● WHAT YOU HAVE TO DO: The required output is the lines below from the line containing "unfolding group_cauchy_def" to the line containing "W] W by auto", inclusive, retyped exactly. No other lines belong in it.

● TASK MATERIAL:
· · · · ·

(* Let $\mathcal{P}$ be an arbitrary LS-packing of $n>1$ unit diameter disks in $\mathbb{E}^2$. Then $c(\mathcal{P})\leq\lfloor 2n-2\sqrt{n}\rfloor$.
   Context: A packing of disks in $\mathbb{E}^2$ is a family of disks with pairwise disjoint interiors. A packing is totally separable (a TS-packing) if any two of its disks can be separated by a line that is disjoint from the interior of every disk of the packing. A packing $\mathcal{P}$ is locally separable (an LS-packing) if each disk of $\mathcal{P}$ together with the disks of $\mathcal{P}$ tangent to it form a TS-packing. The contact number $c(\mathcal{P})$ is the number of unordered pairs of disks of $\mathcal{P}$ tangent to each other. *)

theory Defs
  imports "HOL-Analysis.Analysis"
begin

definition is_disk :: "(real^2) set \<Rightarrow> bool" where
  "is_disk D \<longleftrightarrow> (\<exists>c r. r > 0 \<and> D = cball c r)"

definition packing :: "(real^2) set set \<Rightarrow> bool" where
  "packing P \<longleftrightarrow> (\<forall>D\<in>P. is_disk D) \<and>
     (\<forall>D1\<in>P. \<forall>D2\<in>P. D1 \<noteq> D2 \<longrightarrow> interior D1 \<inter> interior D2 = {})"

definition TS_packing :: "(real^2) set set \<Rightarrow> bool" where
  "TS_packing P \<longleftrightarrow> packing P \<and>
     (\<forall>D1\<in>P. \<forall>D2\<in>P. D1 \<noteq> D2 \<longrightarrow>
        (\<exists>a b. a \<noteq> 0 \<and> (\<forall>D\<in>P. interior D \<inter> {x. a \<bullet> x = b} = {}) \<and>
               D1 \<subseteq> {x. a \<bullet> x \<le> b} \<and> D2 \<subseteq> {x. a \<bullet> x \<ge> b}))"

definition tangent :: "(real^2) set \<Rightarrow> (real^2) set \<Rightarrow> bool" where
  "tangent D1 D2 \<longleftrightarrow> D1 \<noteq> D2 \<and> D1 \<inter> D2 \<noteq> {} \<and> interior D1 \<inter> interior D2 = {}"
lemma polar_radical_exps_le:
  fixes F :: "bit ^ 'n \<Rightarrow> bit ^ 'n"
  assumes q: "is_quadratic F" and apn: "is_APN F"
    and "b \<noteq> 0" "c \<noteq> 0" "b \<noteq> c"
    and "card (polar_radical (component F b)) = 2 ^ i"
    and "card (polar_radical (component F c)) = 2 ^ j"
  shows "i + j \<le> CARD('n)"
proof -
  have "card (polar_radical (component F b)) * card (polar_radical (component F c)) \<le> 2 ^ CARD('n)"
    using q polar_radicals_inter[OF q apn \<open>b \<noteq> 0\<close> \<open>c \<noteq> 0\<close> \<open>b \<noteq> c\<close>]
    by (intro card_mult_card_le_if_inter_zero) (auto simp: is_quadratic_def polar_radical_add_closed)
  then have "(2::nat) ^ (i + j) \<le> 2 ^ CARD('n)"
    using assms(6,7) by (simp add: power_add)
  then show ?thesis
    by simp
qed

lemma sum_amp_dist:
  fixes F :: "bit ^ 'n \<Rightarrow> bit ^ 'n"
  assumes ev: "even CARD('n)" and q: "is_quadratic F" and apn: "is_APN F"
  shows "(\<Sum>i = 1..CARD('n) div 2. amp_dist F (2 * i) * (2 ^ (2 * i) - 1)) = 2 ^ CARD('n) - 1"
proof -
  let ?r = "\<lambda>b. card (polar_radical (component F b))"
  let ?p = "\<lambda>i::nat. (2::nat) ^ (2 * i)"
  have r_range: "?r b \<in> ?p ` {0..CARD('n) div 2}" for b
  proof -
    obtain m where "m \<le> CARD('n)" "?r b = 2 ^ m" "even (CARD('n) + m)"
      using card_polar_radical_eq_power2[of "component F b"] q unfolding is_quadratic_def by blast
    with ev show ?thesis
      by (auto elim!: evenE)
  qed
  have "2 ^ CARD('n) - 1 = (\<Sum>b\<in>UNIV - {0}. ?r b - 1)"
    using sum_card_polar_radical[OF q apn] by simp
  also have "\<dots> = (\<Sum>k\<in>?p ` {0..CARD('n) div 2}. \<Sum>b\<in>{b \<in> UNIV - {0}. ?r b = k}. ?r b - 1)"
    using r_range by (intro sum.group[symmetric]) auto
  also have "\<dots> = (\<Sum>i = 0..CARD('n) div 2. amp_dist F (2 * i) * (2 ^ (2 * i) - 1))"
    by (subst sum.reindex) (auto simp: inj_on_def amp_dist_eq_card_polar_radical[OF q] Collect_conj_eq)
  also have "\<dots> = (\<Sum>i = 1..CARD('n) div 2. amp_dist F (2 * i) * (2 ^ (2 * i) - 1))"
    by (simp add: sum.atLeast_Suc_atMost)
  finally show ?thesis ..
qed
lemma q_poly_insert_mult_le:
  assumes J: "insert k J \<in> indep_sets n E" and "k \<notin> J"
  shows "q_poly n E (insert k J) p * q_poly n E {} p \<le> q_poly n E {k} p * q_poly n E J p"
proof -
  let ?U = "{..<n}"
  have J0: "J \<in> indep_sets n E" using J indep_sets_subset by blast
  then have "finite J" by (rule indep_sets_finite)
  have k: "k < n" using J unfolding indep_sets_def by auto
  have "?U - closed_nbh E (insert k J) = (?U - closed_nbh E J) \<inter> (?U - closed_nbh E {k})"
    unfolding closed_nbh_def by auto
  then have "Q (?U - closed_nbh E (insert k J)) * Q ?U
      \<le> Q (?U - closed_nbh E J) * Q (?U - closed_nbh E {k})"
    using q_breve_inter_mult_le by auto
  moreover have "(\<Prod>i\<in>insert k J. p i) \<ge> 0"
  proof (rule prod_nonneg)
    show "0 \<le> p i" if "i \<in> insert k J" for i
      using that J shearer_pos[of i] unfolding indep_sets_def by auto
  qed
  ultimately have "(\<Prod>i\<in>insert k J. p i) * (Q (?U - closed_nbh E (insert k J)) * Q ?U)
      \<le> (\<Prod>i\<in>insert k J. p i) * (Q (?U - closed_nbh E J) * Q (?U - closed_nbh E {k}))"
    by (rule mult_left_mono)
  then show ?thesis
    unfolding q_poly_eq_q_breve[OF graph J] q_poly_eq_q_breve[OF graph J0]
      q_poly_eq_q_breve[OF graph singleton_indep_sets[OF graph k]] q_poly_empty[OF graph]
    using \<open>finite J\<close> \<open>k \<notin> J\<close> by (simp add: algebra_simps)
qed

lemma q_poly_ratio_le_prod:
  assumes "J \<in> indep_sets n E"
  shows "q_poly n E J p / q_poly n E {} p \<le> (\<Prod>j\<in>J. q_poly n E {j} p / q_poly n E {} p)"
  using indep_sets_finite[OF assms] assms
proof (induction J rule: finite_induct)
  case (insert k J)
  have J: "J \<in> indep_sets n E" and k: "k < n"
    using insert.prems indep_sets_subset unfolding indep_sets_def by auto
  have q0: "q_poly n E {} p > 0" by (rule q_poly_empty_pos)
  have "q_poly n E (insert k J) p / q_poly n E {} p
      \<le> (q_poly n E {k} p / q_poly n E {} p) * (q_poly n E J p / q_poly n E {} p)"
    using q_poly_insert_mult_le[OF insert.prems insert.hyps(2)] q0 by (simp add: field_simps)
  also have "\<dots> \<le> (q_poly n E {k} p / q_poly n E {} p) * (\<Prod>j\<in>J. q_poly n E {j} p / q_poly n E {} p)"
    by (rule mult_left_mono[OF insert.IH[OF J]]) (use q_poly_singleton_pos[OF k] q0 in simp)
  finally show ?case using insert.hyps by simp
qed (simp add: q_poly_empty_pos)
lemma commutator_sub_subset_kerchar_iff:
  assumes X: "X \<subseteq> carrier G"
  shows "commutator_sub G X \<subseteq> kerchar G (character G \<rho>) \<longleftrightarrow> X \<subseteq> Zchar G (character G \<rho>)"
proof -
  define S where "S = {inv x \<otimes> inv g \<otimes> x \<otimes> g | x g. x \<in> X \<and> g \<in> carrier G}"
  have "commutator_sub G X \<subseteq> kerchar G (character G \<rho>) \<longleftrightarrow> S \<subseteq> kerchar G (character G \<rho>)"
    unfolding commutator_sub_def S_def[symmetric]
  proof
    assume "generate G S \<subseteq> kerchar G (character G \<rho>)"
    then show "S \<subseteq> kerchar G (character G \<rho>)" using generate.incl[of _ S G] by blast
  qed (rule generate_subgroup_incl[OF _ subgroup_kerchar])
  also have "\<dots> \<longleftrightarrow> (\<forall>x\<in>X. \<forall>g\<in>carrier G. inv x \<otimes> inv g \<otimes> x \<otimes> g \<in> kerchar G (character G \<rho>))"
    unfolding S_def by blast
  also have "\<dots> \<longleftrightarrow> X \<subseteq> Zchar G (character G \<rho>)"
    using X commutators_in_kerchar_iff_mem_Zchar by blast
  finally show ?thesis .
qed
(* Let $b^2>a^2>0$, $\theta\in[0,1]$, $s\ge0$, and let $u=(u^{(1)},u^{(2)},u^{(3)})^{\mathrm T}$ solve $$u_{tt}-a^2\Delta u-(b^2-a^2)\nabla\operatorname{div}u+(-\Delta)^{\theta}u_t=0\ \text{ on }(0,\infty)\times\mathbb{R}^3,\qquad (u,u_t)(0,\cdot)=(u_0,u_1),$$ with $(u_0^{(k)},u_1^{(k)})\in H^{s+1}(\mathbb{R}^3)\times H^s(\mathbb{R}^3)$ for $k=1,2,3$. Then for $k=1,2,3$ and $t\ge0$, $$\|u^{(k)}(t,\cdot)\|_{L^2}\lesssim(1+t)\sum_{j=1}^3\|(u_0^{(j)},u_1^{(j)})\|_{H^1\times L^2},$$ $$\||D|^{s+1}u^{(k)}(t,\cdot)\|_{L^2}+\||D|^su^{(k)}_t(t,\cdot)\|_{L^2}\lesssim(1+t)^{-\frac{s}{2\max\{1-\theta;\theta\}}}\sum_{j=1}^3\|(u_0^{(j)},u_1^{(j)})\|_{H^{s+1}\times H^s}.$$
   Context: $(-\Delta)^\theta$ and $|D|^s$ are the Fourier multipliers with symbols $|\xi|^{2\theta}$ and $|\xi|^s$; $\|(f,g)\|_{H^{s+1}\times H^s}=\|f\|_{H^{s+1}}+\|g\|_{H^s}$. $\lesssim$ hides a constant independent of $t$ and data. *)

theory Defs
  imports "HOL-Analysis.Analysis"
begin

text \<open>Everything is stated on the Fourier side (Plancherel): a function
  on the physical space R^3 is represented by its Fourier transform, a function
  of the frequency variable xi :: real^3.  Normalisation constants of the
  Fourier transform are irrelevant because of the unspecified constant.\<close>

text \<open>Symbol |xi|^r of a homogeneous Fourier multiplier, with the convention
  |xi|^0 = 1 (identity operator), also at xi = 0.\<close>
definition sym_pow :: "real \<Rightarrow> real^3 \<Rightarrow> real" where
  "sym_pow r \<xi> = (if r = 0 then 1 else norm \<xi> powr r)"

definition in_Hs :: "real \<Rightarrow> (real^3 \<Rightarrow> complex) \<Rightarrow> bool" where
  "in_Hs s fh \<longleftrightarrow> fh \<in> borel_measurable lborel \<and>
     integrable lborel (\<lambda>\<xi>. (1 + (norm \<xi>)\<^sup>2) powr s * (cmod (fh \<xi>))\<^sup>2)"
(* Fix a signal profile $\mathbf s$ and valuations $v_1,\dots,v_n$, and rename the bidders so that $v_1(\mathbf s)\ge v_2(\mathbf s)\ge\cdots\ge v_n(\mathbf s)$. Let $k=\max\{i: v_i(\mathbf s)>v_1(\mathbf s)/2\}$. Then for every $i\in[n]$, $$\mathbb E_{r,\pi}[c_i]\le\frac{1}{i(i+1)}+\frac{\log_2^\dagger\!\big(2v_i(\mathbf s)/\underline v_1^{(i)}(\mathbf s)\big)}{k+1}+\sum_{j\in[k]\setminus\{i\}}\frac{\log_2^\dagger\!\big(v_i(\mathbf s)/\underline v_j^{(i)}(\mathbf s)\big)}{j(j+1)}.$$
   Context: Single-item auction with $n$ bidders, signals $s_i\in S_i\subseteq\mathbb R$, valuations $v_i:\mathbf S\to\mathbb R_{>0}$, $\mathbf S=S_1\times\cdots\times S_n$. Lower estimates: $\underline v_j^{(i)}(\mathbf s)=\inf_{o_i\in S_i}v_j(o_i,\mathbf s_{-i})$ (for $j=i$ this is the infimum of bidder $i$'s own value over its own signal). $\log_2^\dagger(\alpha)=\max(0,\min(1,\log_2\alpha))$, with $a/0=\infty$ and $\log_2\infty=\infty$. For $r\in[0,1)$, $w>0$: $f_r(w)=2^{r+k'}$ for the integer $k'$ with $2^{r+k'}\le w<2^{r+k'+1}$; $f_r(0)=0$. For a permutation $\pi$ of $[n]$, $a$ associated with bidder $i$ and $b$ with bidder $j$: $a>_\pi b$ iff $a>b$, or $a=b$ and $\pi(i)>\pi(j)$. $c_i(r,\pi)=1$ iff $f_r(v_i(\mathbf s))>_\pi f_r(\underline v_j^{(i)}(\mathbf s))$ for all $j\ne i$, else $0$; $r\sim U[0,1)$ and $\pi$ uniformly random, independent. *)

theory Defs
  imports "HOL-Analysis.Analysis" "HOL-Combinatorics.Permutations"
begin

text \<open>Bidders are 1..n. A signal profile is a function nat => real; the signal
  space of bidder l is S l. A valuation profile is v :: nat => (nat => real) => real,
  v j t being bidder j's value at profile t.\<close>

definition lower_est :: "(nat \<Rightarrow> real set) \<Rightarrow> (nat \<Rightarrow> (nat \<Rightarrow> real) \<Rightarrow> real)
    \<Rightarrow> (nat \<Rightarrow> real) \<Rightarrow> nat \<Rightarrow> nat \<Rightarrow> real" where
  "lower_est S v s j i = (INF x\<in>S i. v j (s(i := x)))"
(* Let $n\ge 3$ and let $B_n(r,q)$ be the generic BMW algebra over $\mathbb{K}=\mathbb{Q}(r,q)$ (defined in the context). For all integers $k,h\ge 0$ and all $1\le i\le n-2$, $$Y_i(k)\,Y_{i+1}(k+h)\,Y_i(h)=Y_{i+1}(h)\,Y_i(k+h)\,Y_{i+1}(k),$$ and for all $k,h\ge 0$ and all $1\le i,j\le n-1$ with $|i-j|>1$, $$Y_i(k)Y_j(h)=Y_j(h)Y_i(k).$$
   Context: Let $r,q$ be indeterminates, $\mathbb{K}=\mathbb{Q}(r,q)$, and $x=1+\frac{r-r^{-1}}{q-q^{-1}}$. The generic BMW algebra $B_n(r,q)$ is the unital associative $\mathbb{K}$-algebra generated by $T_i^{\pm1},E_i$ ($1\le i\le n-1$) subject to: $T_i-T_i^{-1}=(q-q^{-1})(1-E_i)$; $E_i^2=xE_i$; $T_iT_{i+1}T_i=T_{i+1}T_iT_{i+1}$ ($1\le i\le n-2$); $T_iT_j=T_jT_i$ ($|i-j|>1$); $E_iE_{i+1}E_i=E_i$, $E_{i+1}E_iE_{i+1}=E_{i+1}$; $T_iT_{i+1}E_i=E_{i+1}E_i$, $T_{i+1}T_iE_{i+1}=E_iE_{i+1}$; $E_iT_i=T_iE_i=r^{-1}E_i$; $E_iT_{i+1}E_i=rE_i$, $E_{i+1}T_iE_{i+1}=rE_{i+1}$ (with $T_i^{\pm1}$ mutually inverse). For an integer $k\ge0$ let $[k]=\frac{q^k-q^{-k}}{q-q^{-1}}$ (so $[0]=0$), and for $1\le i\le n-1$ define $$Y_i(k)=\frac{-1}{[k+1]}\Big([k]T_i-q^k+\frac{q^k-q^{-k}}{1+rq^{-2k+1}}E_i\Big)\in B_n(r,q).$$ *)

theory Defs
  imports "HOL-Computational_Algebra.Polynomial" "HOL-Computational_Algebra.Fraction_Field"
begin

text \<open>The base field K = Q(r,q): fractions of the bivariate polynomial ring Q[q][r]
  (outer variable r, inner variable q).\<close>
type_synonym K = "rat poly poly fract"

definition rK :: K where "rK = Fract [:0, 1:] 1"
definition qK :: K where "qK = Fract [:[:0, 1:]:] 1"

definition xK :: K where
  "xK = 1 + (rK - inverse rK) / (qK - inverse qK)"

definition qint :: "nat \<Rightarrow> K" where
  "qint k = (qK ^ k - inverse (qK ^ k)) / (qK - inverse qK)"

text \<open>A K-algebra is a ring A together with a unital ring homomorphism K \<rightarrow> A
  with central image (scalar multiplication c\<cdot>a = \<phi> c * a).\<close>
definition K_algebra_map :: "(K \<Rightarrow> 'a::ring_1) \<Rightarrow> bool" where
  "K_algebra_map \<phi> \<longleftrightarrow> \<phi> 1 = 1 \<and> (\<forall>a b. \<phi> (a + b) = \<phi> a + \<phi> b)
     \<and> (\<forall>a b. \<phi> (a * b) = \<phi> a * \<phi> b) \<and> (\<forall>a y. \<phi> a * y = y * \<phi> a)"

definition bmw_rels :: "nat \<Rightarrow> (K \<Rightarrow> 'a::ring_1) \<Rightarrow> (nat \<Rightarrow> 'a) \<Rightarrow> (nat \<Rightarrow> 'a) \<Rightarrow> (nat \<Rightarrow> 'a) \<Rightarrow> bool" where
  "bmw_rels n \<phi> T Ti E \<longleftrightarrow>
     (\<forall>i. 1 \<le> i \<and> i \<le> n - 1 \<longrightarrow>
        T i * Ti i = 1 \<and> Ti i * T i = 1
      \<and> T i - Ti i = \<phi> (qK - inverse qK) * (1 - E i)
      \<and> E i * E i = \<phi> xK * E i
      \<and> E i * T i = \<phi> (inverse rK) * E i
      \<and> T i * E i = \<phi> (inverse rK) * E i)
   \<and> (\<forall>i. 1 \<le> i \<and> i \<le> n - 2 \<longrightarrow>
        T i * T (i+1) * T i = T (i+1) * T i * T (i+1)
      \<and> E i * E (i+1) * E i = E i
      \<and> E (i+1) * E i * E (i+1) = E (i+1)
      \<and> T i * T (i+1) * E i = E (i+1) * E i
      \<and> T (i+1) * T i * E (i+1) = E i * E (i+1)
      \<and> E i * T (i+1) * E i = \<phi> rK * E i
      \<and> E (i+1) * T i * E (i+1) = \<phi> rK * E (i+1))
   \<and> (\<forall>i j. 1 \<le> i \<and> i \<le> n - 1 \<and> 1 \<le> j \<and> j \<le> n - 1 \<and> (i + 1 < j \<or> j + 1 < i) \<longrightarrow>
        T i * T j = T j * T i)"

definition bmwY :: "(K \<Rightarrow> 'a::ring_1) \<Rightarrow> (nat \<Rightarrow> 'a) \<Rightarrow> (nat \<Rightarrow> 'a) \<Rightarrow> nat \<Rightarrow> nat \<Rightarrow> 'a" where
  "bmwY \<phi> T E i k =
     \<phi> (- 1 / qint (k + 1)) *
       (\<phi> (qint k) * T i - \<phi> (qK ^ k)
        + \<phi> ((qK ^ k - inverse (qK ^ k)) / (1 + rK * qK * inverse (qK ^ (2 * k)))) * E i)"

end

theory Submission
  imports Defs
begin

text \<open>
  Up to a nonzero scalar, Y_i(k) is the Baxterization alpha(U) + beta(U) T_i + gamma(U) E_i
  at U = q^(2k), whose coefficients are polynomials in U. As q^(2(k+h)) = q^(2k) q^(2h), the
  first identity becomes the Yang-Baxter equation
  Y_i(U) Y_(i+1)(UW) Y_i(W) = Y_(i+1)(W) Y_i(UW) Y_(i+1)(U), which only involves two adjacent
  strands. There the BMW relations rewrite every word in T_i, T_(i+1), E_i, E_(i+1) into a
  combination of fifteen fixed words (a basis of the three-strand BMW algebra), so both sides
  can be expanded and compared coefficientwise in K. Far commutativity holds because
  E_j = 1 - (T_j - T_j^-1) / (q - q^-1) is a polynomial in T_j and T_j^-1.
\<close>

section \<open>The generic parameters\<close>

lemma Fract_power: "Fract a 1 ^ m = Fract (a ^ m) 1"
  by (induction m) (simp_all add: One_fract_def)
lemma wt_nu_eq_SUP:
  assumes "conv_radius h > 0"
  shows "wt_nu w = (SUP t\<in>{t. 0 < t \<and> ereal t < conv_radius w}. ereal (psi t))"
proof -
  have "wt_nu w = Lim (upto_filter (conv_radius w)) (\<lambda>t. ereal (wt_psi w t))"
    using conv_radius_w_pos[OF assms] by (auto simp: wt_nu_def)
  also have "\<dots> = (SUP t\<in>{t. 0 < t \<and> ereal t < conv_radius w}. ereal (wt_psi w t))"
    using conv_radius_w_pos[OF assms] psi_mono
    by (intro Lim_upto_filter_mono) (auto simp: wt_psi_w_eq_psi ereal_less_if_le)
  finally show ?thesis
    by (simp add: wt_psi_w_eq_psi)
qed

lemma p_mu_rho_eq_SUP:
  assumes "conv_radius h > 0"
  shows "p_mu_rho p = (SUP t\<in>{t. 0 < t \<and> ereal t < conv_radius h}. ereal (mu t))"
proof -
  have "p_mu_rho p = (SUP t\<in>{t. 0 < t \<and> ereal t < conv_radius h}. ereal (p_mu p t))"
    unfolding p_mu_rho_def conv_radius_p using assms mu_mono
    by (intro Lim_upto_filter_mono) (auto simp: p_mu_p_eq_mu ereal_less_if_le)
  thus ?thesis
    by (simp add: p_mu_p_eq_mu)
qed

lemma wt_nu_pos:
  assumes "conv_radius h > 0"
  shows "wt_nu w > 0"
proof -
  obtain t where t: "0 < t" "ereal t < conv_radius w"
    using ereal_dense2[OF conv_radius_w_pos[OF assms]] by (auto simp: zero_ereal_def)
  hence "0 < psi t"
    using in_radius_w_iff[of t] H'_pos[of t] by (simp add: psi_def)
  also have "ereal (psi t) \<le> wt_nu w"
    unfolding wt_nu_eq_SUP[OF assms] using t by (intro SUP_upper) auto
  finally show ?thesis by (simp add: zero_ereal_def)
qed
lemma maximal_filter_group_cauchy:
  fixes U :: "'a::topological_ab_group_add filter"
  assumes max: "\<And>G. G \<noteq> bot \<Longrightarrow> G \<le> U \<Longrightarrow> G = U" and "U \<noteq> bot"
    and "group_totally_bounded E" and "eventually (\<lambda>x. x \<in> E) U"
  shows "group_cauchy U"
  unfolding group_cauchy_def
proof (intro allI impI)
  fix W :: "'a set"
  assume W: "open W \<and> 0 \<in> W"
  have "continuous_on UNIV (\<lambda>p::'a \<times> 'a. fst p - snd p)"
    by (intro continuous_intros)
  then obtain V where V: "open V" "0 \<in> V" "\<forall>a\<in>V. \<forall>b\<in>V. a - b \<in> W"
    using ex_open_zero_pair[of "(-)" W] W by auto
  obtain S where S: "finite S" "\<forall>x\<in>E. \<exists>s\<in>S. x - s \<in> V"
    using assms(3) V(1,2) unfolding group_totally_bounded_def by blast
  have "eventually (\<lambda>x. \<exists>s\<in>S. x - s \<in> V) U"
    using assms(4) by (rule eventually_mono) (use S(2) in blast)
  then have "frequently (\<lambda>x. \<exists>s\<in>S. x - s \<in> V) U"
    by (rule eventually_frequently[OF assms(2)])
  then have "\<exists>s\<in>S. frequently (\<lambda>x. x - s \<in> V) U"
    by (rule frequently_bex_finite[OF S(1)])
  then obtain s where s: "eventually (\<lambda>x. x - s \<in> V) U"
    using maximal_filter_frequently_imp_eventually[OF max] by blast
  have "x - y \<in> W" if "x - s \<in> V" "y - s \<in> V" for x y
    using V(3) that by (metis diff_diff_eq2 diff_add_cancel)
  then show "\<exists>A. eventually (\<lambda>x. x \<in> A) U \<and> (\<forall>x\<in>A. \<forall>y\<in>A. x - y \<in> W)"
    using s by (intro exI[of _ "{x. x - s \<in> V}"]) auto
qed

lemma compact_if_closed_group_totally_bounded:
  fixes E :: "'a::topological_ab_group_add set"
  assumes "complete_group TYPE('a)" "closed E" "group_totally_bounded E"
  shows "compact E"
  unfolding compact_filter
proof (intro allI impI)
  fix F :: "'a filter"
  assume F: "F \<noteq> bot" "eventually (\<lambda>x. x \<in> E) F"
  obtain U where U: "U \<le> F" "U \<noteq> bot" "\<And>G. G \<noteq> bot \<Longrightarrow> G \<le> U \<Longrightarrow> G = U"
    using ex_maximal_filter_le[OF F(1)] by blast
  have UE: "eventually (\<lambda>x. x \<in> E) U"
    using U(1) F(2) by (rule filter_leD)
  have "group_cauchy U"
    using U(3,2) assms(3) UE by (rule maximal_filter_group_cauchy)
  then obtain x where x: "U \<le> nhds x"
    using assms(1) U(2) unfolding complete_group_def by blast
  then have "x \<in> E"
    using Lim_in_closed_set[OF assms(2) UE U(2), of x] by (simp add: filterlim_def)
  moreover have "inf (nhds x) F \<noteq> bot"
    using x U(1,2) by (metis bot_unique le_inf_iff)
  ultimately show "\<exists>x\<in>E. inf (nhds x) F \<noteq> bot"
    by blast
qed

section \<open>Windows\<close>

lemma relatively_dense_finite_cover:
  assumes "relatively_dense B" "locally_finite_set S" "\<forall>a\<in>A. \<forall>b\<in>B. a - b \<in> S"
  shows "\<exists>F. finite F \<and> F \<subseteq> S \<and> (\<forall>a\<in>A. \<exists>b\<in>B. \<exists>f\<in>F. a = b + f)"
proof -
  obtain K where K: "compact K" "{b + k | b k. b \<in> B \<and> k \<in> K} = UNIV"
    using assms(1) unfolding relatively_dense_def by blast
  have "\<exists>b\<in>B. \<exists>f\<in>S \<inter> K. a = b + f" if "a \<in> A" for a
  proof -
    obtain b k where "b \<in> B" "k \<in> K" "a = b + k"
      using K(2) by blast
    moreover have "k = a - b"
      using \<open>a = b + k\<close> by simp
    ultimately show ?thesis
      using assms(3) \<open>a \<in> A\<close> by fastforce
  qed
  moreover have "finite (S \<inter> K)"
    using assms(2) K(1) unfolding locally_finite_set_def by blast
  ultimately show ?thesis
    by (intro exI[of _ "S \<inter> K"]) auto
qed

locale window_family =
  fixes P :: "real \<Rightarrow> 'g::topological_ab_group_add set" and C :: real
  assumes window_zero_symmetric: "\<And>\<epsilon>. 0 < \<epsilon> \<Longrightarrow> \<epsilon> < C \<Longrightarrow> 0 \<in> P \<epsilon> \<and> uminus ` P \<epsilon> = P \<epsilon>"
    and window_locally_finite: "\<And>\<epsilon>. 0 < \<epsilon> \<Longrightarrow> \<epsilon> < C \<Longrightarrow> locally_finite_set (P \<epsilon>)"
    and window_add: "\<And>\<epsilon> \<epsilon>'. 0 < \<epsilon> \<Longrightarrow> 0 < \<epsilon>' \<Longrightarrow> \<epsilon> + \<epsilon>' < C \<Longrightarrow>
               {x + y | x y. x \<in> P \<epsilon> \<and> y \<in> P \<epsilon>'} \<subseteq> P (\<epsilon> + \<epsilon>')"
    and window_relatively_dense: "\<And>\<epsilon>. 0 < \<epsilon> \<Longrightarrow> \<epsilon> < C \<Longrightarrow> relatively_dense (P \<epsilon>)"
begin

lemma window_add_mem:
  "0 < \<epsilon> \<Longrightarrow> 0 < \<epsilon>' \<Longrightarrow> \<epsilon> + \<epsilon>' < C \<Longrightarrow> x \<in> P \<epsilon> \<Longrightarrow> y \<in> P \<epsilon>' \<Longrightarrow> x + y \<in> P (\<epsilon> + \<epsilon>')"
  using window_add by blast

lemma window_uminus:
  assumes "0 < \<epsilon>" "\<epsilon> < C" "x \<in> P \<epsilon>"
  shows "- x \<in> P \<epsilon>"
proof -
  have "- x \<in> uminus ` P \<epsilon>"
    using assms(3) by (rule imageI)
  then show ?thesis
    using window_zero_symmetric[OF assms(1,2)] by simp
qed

· · · · ·

● SOLVED PROBLEM:
  unfolding group_cauchy_def
proof (intro allI impI)
  fix W :: "'a set"
  assume W: "open W \<and> 0 \<in> W"
  have "continuous_on UNIV (\<lambda>p::'a \<times> 'a. fst p - snd p)"
    by (intro continuous_intros)
  then obtain V where V: "open V" "0 \<in> V" "\<forall>a\<in>V. \<forall>b\<in>V. a - b \<in> W"
    using ex_open_zero_pair[of "(-)" W] W by auto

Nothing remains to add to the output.